▶ [ASSIGNMENT] From the records that follow, copy every line in which "neighbourhood" appears.

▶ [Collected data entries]
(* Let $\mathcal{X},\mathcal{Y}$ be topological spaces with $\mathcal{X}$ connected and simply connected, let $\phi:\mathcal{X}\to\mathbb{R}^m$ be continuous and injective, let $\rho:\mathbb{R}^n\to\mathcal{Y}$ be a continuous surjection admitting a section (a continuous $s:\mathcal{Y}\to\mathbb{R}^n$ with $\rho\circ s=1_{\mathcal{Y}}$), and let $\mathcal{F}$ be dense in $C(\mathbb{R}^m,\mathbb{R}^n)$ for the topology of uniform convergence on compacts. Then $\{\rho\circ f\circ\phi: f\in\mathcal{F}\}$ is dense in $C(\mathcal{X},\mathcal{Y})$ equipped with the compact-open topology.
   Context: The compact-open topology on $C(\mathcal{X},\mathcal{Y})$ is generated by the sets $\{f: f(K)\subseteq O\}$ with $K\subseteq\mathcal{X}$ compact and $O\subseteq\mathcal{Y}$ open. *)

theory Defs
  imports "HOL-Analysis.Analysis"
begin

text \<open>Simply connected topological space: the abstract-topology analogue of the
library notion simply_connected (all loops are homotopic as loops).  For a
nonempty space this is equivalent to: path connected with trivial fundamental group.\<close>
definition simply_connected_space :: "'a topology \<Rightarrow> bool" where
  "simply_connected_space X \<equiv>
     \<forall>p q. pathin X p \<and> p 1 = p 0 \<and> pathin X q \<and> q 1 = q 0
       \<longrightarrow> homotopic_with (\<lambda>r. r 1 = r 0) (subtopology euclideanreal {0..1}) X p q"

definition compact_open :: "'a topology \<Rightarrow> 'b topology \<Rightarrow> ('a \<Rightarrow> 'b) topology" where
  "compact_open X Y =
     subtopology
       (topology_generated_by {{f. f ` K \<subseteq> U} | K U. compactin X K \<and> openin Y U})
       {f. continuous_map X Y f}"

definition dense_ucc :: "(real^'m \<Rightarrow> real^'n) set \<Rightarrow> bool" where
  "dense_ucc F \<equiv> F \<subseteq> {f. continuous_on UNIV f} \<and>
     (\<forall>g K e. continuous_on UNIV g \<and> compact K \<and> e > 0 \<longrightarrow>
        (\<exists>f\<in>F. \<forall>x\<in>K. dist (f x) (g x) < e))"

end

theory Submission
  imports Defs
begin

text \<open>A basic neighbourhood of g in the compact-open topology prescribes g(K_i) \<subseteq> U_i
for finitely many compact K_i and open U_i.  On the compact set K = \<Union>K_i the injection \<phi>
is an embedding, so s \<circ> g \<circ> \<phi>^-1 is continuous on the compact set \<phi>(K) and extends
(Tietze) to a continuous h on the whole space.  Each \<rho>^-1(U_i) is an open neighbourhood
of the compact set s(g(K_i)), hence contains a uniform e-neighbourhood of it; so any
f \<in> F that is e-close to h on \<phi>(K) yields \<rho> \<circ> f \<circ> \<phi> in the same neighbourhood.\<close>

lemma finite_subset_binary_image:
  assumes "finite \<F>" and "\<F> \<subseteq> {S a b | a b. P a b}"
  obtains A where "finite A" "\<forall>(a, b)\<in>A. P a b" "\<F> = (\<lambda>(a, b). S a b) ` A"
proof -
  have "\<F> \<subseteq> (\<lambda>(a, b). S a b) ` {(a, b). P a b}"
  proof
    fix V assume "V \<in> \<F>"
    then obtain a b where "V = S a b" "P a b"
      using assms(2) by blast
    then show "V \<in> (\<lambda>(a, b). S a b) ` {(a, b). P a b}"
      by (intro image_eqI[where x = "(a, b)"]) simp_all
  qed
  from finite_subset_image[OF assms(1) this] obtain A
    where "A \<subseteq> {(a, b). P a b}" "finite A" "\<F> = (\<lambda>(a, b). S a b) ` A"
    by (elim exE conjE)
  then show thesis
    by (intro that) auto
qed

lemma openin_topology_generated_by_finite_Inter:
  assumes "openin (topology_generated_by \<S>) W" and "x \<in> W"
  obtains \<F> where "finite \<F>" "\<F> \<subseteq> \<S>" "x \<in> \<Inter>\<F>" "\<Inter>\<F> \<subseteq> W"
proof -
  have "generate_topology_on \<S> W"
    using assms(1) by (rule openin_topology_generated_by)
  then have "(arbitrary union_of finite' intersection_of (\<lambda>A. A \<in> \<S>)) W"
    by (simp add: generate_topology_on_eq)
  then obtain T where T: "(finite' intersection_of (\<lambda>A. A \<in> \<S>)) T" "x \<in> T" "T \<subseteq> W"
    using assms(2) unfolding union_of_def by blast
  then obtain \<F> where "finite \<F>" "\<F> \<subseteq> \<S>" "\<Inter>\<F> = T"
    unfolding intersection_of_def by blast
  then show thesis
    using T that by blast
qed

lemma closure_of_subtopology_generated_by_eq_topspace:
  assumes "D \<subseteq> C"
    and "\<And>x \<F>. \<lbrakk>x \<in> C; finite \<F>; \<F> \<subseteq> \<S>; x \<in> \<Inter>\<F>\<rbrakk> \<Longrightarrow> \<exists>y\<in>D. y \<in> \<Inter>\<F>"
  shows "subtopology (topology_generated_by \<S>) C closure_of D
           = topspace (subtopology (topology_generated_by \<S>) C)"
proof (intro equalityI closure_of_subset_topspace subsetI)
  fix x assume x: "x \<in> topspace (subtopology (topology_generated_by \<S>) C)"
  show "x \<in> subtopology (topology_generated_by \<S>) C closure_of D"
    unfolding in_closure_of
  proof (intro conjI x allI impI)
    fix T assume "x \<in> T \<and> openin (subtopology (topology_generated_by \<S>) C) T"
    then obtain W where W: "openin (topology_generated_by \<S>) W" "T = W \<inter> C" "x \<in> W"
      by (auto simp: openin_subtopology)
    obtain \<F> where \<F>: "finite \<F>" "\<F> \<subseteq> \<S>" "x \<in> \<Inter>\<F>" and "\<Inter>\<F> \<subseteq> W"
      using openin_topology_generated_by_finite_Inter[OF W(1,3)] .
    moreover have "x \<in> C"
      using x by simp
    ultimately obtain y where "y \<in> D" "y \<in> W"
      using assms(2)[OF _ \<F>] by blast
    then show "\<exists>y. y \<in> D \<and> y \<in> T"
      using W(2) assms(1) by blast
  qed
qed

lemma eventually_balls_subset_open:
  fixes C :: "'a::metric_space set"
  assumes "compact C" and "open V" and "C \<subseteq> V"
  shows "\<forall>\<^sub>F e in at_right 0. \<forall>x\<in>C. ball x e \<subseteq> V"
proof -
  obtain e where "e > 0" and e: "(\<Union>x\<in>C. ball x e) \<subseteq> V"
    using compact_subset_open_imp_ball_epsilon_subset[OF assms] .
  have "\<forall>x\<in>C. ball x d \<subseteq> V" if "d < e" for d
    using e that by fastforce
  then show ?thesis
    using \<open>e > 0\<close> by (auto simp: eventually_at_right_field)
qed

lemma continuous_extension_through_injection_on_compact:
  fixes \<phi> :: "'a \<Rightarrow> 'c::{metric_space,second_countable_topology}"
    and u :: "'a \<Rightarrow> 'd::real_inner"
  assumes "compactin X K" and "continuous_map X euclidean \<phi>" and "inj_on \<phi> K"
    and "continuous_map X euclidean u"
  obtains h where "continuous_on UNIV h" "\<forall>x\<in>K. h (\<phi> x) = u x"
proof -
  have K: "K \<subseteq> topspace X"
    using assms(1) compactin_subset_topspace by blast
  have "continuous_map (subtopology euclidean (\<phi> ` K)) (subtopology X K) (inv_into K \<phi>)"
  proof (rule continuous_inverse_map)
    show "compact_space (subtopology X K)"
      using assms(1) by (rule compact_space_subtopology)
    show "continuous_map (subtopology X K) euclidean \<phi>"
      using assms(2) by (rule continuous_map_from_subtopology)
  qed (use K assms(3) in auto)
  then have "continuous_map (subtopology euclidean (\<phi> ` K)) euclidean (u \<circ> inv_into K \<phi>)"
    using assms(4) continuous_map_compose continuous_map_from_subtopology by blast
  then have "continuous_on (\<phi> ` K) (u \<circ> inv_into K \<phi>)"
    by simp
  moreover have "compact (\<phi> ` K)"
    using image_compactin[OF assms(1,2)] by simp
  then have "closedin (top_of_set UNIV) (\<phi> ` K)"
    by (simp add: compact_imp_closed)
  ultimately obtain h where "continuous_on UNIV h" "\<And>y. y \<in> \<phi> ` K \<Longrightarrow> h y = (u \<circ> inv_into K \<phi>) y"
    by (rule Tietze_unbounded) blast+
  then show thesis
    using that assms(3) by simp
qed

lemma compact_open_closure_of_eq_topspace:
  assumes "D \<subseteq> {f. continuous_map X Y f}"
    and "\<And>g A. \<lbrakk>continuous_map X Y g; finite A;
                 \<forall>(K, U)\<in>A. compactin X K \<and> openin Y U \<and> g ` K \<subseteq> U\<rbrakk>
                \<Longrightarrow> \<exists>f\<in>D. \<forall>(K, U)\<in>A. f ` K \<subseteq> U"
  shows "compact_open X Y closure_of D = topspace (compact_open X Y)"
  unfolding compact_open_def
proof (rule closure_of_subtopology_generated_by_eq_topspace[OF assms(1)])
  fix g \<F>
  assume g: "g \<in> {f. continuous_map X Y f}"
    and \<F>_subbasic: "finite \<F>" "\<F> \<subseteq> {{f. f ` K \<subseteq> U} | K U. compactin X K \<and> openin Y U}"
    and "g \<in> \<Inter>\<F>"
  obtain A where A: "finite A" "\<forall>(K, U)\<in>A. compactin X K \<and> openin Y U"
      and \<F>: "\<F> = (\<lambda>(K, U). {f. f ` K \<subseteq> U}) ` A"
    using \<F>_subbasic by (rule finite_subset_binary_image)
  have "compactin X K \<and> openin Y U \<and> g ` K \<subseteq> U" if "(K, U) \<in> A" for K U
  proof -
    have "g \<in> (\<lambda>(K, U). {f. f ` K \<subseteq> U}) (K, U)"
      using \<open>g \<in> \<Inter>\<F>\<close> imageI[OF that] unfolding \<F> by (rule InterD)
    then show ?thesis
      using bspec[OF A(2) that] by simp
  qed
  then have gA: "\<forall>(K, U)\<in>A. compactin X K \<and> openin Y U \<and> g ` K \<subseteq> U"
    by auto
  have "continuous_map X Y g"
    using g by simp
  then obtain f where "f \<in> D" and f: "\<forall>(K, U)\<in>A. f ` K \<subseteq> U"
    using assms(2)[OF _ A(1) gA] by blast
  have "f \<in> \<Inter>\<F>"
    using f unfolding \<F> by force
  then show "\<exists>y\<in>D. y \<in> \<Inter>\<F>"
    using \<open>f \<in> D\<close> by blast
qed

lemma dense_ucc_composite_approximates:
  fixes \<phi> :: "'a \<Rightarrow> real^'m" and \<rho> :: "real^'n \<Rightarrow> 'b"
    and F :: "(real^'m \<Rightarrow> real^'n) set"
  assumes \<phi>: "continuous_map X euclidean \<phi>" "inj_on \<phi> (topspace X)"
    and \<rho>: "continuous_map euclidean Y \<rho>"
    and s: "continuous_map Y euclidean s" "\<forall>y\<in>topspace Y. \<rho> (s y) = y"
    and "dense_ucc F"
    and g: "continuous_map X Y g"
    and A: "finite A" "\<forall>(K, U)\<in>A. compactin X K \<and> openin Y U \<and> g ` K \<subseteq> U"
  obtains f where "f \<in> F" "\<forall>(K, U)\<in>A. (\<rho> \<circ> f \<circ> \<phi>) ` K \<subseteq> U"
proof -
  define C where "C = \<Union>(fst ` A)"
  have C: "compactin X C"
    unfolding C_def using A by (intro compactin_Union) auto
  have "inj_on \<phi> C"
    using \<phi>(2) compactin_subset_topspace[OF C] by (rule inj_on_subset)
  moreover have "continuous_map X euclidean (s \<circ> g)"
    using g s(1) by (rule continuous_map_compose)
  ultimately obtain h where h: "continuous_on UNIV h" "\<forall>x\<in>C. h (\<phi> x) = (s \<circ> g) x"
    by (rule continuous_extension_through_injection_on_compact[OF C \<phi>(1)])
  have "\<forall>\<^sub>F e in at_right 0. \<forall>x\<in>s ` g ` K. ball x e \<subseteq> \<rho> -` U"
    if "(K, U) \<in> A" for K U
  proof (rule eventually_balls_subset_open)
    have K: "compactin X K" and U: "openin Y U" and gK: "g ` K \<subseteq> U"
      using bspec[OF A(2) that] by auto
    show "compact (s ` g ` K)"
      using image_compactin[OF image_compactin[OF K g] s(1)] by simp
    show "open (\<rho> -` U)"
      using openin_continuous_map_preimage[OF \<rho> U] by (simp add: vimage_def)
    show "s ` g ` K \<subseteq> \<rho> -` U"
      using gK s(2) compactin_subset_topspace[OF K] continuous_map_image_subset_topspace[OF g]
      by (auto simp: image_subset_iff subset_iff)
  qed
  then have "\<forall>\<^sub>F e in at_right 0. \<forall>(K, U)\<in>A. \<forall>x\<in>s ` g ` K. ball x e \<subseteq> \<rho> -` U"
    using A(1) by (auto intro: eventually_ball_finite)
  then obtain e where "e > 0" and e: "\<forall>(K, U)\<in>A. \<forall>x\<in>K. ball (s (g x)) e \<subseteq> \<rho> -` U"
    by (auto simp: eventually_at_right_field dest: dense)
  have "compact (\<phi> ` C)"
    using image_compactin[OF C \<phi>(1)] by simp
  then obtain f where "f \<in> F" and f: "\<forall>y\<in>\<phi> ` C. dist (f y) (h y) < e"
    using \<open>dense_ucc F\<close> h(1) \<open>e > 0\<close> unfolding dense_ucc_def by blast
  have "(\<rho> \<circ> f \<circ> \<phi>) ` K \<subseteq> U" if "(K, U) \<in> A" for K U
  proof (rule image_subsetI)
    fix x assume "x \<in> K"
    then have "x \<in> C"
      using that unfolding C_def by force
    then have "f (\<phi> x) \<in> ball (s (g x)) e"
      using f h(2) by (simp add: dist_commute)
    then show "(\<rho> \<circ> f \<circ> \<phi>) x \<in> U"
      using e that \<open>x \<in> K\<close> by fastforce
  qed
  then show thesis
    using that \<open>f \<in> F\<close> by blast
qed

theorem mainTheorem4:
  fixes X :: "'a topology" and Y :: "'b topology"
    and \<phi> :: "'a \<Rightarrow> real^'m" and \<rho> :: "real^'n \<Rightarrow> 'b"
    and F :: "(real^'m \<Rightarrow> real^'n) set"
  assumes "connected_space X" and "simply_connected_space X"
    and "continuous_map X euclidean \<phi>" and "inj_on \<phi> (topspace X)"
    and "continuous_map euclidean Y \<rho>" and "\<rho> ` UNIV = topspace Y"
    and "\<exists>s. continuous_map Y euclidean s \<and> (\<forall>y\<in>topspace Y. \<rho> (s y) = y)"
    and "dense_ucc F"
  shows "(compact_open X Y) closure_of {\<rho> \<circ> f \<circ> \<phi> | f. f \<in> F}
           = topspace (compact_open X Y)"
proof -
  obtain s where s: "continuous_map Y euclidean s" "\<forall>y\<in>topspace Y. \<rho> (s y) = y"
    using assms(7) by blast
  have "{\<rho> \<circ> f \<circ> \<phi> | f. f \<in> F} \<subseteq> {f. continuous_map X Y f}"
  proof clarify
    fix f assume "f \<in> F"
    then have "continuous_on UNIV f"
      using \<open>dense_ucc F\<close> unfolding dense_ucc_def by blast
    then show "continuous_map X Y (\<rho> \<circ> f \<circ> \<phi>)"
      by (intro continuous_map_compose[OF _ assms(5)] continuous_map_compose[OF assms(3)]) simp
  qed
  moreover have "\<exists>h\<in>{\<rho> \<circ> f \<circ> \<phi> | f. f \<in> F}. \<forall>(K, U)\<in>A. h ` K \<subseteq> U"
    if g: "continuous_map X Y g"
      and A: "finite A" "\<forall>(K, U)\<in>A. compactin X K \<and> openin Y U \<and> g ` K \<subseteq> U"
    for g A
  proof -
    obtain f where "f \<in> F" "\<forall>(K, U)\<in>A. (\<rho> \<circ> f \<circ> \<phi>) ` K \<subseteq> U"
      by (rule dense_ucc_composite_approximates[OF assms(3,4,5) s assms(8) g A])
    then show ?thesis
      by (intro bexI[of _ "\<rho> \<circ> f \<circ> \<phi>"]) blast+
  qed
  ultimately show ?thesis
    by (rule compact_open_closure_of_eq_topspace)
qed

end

▶ [ANSWER TO THIS TASK]
text \<open>A basic neighbourhood of g in the compact-open topology prescribes g(K_i) \<subseteq> U_i
(Tietze) to a continuous h on the whole space.  Each \<rho>^-1(U_i) is an open neighbourhood
of the compact set s(g(K_i)), hence contains a uniform e-neighbourhood of it; so any
f \<in> F that is e-close to h on \<phi>(K) yields \<rho> \<circ> f \<circ> \<phi> in the same neighbourhood.\<close>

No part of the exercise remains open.